OpenAI, the San Francisco-based artificial intelligence startup that has backing from Microsoft, among others, announced Tuesday it is now offering access to corporaitons to its Codex program for automatically generating code, in a private beta.
“We’re now making OpenAI Codex available in privatebeta via our API, and we are aiming to scale up as quickly as we can safely,” reads a blog post published by OpenAI posted on its Web site.
A button on the blog post links to a wait list form, where you can give your name and email and Github profile name, and details of what you’d like to build.
“During the initial period, OpenAI Codex will be offered for free,” the release states. “OpenAI will continue building on the safety groundwork we laid with GPT-3 — reviewing applications and incrementally scaling them up while working closely with developers tounderstand the effect of our technologies in the world.”
GPT-3 was released to the world in February of 2020, the third version by OpenAI of the “generative pre-trained transformer” language model that can produce whole articles that seem to have a quality of human writing about them, even though they are merely producing probabilty scores of word combinations.
Codex is the technology behind Microsoft’s GitHub CoPilot that was introduced in June.

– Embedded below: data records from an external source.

(* Let $a\in\mathbb{R}$ and $k\ge0$. Then $$(z-a)^3q_{2k+1}^{(\mathrm{pre})}(z)=(z-a)^2z^{2k+2}+a\frac{(2k+1)!!}{2^{k+2}f_k(a^2)}\mathcal L_{k+1}(z,a),$$ $$(z-a)^3q_{2k}^{(\mathrm{pre})}(z)=a(z-a)^2\frac{e_{k+1}(a^2)}{f_k(a^2)}z^{2k+2}+\frac{(2k+3)!!}{2^{k+3}f_k(a^2)}\mathcal L_{k+2}(z,a)-a^2\frac{(2k+1)!!}{2^{k+2}f_k(a^2)}\mathcal L_{k+1}(z,a),$$ where $$\mathcal L_m(z,a)=(2(z-a)^2-1)\varkappa_m^{(\mathrm g)}(z,a)+2(z-a)e_{2m-1}(2za)-(z-a)\frac{2^{m+1}z^{2m}}{(2m-1)!!}e_{m-1}(a^2).$$
   Context: $e_k(x)=\sum_{j=0}^kx^j/j!$, $f_k(x)=(k+1)e_k(x)-xe_{k-1}(x)$ (with $e_{-1}\equiv0$). $\varkappa_m^{(\mathrm g)}(z,w)=\sqrt2\sum_{n=0}^{m-1}\sum_{\ell=0}^{n}\Big(\frac{(\sqrt2z)^{2n+1}}{(2n+1)!!}\frac{(\sqrt2w)^{2\ell}}{(2\ell)!!}-\frac{(\sqrt2w)^{2n+1}}{(2n+1)!!}\frac{(\sqrt2z)^{2\ell}}{(2\ell)!!}\Big)$. The polynomials are $q_{2k}^{(\mathrm{pre})}(z)=\sum_{j=0}^{2k}\alpha_{2k,j}z^j$, $q_{2k+1}^{(\mathrm{pre})}(z)=\sum_{j=0}^{2k+1}\beta_{2k+1,j}z^j$ with, writing $c_{j,k}=\frac{2^jf_j(a^2)}{2^kf_k(a^2)}$: $\alpha_{2k,2j}=c_{j,k}\big[\sum_{\ell=j}^k(\ell+1-j)\frac{(2k+3)!!}{(2\ell+3)!!}(2a^2)^{\ell-j}-\sum_{\ell=j}^k(\ell-j)\frac{(2k+1)!!}{(2\ell+1)!!}(2a^2)^{\ell-j}\big]$ ($0\le j\le k$); $\alpha_{2k,2j+1}=2a\,c_{j,k}\big[\sum_{\ell=j}^{k-1}(\ell+1-j)\frac{(2k+3)!!}{(2\ell+5)!!}(2a^2)^{\ell-j}-\sum_{\ell=j}^{k-1}(\ell-j)\frac{(2k+1)!!}{(2\ell+3)!!}(2a^2)^{\ell-j}\big]$ ($0\le j\le k-1$); $\beta_{2k+1,2j}=a\,c_{j,k}\big[\frac{2j+1}{2k+3}(2a^2)^{k-j}+2\sum_{\ell=j}^k(\ell+1-j)\frac{(2k+1)!!}{(2\ell+3)!!}(2a^2)^{\ell-j}\big]$; $\beta_{2k+1,2j+1}=c_{j,k}\big[\frac{2j+3}{2k+3}(2a^2)^{k-j}+2\sum_{\ell=j}^k(\ell-j)\frac{(2k+1)!!}{(2\ell+3)!!}(2a^2)^{\ell-j}\big]$ ($0\le j\le k$). *)

theory Defs
  imports Complex_Main
begin

fun dfact :: "nat \<Rightarrow> nat" where
  "dfact 0 = 1"
| "dfact (Suc 0) = 1"
| "dfact (Suc (Suc n)) = Suc (Suc n) * dfact n"

definition ek :: "nat \<Rightarrow> 'a::field_char_0 \<Rightarrow> 'a" where
  "ek k x = (\<Sum>j\<le>k. x ^ j / fact j)"

definition fk :: "nat \<Rightarrow> 'a::field_char_0 \<Rightarrow> 'a" where
  "fk k x = of_nat (k + 1) * ek k x - (if k = 0 then 0 else x * ek (k - 1) x)"

definition kappa_g :: "nat \<Rightarrow> complex \<Rightarrow> complex \<Rightarrow> complex" where
  "kappa_g m z w = of_real (sqrt 2) *
     (\<Sum>n<m. \<Sum>l\<le>n.
        (of_real (sqrt 2) * z) ^ (2*n+1) / of_nat (dfact (2*n+1))
          * (of_real (sqrt 2) * w) ^ (2*l) / of_nat (dfact (2*l))
      - (of_real (sqrt 2) * w) ^ (2*n+1) / of_nat (dfact (2*n+1))
          * (of_real (sqrt 2) * z) ^ (2*l) / of_nat (dfact (2*l)))"

definition cjk :: "real \<Rightarrow> nat \<Rightarrow> nat \<Rightarrow> real" where
  "cjk a j k = (2 ^ j * fk j (a^2)) / (2 ^ k * fk k (a^2))"

definition alpha_even :: "real \<Rightarrow> nat \<Rightarrow> nat \<Rightarrow> real" where
  "alpha_even a k j = cjk a j k *
     ((\<Sum>l=j..k. real (l + 1 - j) * real (dfact (2*k+3)) / real (dfact (2*l+3)) * (2*a^2) ^ (l - j))
    - (\<Sum>l=j..k. real (l - j) * real (dfact (2*k+1)) / real (dfact (2*l+1)) * (2*a^2) ^ (l - j)))"

definition alpha_odd :: "real \<Rightarrow> nat \<Rightarrow> nat \<Rightarrow> real" where
  "alpha_odd a k j = 2 * a * cjk a j k *
     ((\<Sum>l\<in>{j..<k}. real (l + 1 - j) * real (dfact (2*k+3)) / real (dfact (2*l+5)) * (2*a^2) ^ (l - j))
    - (\<Sum>l\<in>{j..<k}. real (l - j) * real (dfact (2*k+1)) / real (dfact (2*l+3)) * (2*a^2) ^ (l - j)))"

definition beta_even :: "real \<Rightarrow> nat \<Rightarrow> nat \<Rightarrow> real" where
  "beta_even a k j = a * cjk a j k *
     (real (2*j+1) / real (2*k+3) * (2*a^2) ^ (k - j)
    + 2 * (\<Sum>l=j..k. real (l + 1 - j) * real (dfact (2*k+1)) / real (dfact (2*l+3)) * (2*a^2) ^ (l - j)))"

definition beta_odd :: "real \<Rightarrow> nat \<Rightarrow> nat \<Rightarrow> real" where
  "beta_odd a k j = cjk a j k *
     (real (2*j+3) / real (2*k+3) * (2*a^2) ^ (k - j)
    + 2 * (\<Sum>l=j..k. real (l - j) * real (dfact (2*k+1)) / real (dfact (2*l+3)) * (2*a^2) ^ (l - j)))"

definition q_pre_even :: "real \<Rightarrow> nat \<Rightarrow> complex \<Rightarrow> complex" where
  "q_pre_even a k z = (\<Sum>i\<le>2*k.
     of_real (if even i then alpha_even a k (i div 2) else alpha_odd a k (i div 2)) * z ^ i)"

definition q_pre_odd :: "real \<Rightarrow> nat \<Rightarrow> complex \<Rightarrow> complex" where
  "q_pre_odd a k z = (\<Sum>i\<le>2*k+1.
     of_real (if even i then beta_even a k (i div 2) else beta_odd a k (i div 2)) * z ^ i)"

text \<open>L_m(z,a), used for m \<ge> 1.\<close>
definition Lm :: "nat \<Rightarrow> complex \<Rightarrow> real \<Rightarrow> complex" where
  "Lm m z a = (2 * (z - of_real a)^2 - 1) * kappa_g m z (of_real a)
     + 2 * (z - of_real a) * ek (2*m - 1) (2 * z * of_real a)
     - (z - of_real a) * (2 ^ (m+1) * z ^ (2*m) / of_nat (dfact (2*m - 1))) * of_real (ek (m - 1) (a^2))"

end

(*
  Scaling q_{2k+1} by c_k = 2^k f_k(a^2) / (2k+1)!! clears the denominators of its coefficients,
  and c_{k+1} q_{2k+3} - c_k q_{2k+1} = 2^k / (2k+3)!! * (S_k + 2 f_{k+1}(a^2) (a z^{2k+2} + z^{2k+3}))
  for an explicit polynomial S_k. A second induction on k computes (z-a)^3 S_k in closed form,
  in terms of L_{k+2} - L_{k+1}, and the odd identity follows by induction on k.

  The coefficients satisfy a f_k alpha_{2k,i} = f_{k+1} beta_{2k+3,i} - a^2 f_k beta_{2k+1,i}, so for
  a <> 0 the even identity is a linear combination of the odd identities for k and k+1. Both sides
  of it are continuous in a, which covers a = 0.
*)
theory Submission
  imports Defs
begin

section \<open>Double factorials and truncated exponentials\<close>

lemma dfact_pos [simp]: "0 < dfact n"
  by (induction n rule: dfact.induct) auto

lemma dfact_neq_0 [simp]: "dfact n \<noteq> 0"
  using dfact_pos [of n] by linarith

lemma dfact_odd_Suc: "dfact (2*n+3) = (2*n+3) * dfact (2*n+1)"
  by (simp add: numeral_eq_Suc)

lemma of_nat_dfact_odd_Suc:
  "(of_nat (dfact (2*n+3)) :: 'a::semiring_1) = (2 * of_nat n + 3) * of_nat (dfact (2*n+1))"
  by (simp add: dfact_odd_Suc)

lemma dfact_Suc_odd_real: "real (dfact (2*Suc k+3)) = (2*real k + 5) * real (dfact (2*k+3))"
proof -
  have idx: "2*Suc k+1 = 2*k+3"
    by simp
  show ?thesis
    using of_nat_dfact_odd_Suc [of "Suc k", where 'a=real, unfolded idx] by simp
qed

lemma dfact_even: "dfact (2*l) = 2^l * fact l"
  by (induction l) (simp_all add: numeral_eq_Suc algebra_simps)

lemma fact_Suc_dfact: "fact (Suc n) = dfact (Suc n) * dfact n"
  by (induction n) (simp_all add: algebra_simps)

lemma fact_even_dfact:
  "(fact (2*k+2) :: 'a::semiring_char_0) = 2^(k+1) * fact (k+1) * of_nat (dfact (2*k+1))"
proof -
  have "fact (2*k+2) = dfact (2*(k+1)) * dfact (2*k+1)"
    using fact_Suc_dfact [of "2*k+1"] by simp
  then have "fact (2*k+2) = 2^(k+1) * fact (k+1) * dfact (2*k+1)"
    by (simp only: dfact_even)
  then have "(of_nat (fact (2*k+2)) :: 'a) = of_nat (2^(k+1) * fact (k+1) * dfact (2*k+1))"
    by (rule arg_cong)
  then show ?thesis
    by (simp only: of_nat_mult of_nat_power of_nat_fact of_nat_numeral)
qed

lemma of_nat_add_1_neq_0 [simp]: "(of_nat k + 1 :: 'a::semiring_char_0) \<noteq> 0"
  by (metis of_nat_Suc add.commute of_nat_eq_0_iff nat.distinct(1))

lemma ek_0 [simp]: "ek 0 x = 1"
  by (simp add: ek_def)

lemma ek_Suc: "ek (Suc n) x = ek n x + x^Suc n / fact (Suc n)"
  by (simp add: ek_def)

lemma power_div_fact_Suc:
  "(x::'a::field_char_0)^Suc n / fact (Suc n) = x * (x^n / fact n) / (of_nat n + 1)"
  by (simp add: field_simps)

lemma power_div_fact_odd:
  "x^(2*k+3) / fact (2*k+3) = x^(2*k+2) / fact (2*k+2) * x / (2 * of_nat k + 3 :: 'a::field_char_0)"
proof -
  have "(fact (2*k+3) :: 'a) = (2 * of_nat k + 3) * fact (2*k+2)"
    by (simp add: numeral_eq_Suc algebra_simps)
  moreover have "x^(2*k+3) = x^(2*k+2) * x"
    by (simp add: numeral_eq_Suc)
  ultimately show ?thesis
    by (simp add: divide_simps)
qed

lemma fk_0 [simp]: "fk 0 x = 1"
  by (simp add: fk_def)

lemma fk_altdef: "fk k x = (of_nat k + 1 - x) * ek k x + x * (x^k / fact k)"
proof (cases k)
  case (Suc m)
  define u where "u = x^Suc m / fact (Suc m)"
  have "ek (Suc m) x = ek m x + u"
    by (simp add: ek_Suc u_def)
  then show ?thesis
    unfolding Suc fk_def u_def [symmetric] by (simp add: algebra_simps)
qed (simp add: fk_def)

lemma fk_Suc: "fk (Suc k) x = fk k x + ek (Suc k) x"
proof -
  define u where "u = x^Suc k / fact (Suc k)"
  define w where "w = x * (x^k / fact k)"
  have key: "(of_nat k + 1) * u = w"
    unfolding u_def w_def power_div_fact_Suc by simp
  have "ek (Suc k) x = ek k x + u"
    by (simp add: ek_Suc u_def)
  then show ?thesis
    unfolding fk_altdef [of "Suc k"] fk_altdef [of k] u_def [symmetric] w_def [symmetric]
    by (subst key [symmetric]) (simp add: algebra_simps)
qed

lemma ek_nonneg: "(x::real) \<ge> 0 \<Longrightarrow> ek n x \<ge> 0"
  unfolding ek_def by (intro sum_nonneg) auto

lemma fk_pos: "(x::real) \<ge> 0 \<Longrightarrow> fk k x > 0"
  by (induction k) (simp_all add: fk_Suc add_pos_nonneg ek_nonneg)

lemma fk_power2_neq_0 [simp]: "fk k ((a::real)^2) \<noteq> 0"
  using fk_pos [of "a^2" k] by simp

lemma of_real_ek: "of_real (ek n x) = ek n (of_real x :: 'a::{real_field,field_char_0})"
  unfolding ek_def by (simp add: of_real_sum)

lemma of_real_fk: "of_real (fk n x) = fk n (of_real x :: 'a::{real_field,field_char_0})"
  unfolding fk_def by (simp add: of_real_ek)

lemma continuous_ek [continuous_intros]:
  fixes f :: "'a::t2_space \<Rightarrow> 'b::{real_normed_field,field_char_0}"
  shows "continuous F f \<Longrightarrow> continuous F (\<lambda>x. ek n (f x))"
  unfolding ek_def divide_inverse by (intro continuous_intros)

lemma continuous_fk [continuous_intros]:
  fixes f :: "'a::t2_space \<Rightarrow> 'b::{real_normed_field,field_char_0}"
  shows "continuous F f \<Longrightarrow> continuous F (\<lambda>x. fk n (f x))"
  unfolding fk_altdef divide_inverse by (intro continuous_intros)

lemma kappa_g_0 [simp]: "kappa_g 0 z w = 0"
  by (simp add: kappa_g_def)

lemma kappa_g_Suc:
  "kappa_g (Suc m) z w = kappa_g m z w
     + 2^(m+1) / of_nat (dfact (2*m+1)) * (z^(2*m+1) * ek m (w^2) - w^(2*m+1) * ek m (z^2))"
proof -
  let ?s = "of_real (sqrt 2) :: complex"
  have s2: "?s^2 = 2"
    by (metis of_real_numeral of_real_power real_sqrt_pow2 zero_le_numeral)
  have summand: "?s * ((?s * x) ^ (2*m+1) / of_nat (dfact (2*m+1)) * (?s * y) ^ (2*l) / of_nat (dfact (2*l)))
      = 2^(m+1) / of_nat (dfact (2*m+1)) * x^(2*m+1) * ((y^2)^l / fact l)" for x y :: complex and l
  proof -
    have x: "(?s * x) ^ (2*m+1) = ?s * 2^m * x^(2*m+1)"
      by (simp add: power_mult_distrib power_add power_mult s2)
    have y: "(?s * y) ^ (2*l) = 2^l * (y^2)^l"
      by (simp add: power_mult_distrib power_mult s2)
    have d: "(of_nat (dfact (2*l)) :: complex) = 2^l * fact l"
      by (simp add: dfact_even)
    have s: "?s * ?s = 2"
      using s2 by (simp add: power2_eq_square)
    show ?thesis
      unfolding x y d by (simp add: field_simps s)
  qed
  have "?s * (\<Sum>l\<le>m. (?s * z) ^ (2*m+1) / of_nat (dfact (2*m+1)) * (?s * w) ^ (2*l) / of_nat (dfact (2*l))
      - (?s * w) ^ (2*m+1) / of_nat (dfact (2*m+1)) * (?s * z) ^ (2*l) / of_nat (dfact (2*l)))
    = 2^(m+1) / of_nat (dfact (2*m+1)) * (z^(2*m+1) * ek m (w^2) - w^(2*m+1) * ek m (z^2))"
    unfolding sum_distrib_left right_diff_distrib summand ek_def sum_subtractf
    by (simp add: mult.assoc)
  then show ?thesis
    unfolding kappa_g_def sum.lessThan_Suc distrib_left by simp
qed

In Tuesday’s announcement, OpenAI offered multiple demonstrations of Codex in action. The program can generate “Hello, World!” code by having a person type into a prompt “print hello world,” whereupon it generates the code of the program. The demo shows a person typing “now with feeling!” wherupon the program produces the “Hello, World!” statement again but adds an extra exclamation point.
The program example expands to numerous extra features, such as “now display five such windows with 10 buttons, all at once,” and code is generated to produce multiple separate windows on screen.
In a more intriguing example for writers, the text of the poem Jabberwocky by Lewis Carroll is re-formatted with a phrase such as “remove indents” typed by a person. Writing “Prepend everything with L the line number than a colon.” Even though “than” is the wrong word, in this case, the program goes on to add line numbering to each line of the poem.
In one demo, the program will write a computer game, a simple imitation of Asteroids, from scratch, by having the progammer write declarative sentences of the kind, “Once the player reaches 250 points, they win! (1) Clear the document, (2) Tell them how long it took in seconds…”
In case you’re interested in digging into the details, the formal paper on Codex was posted on Arxiv last month.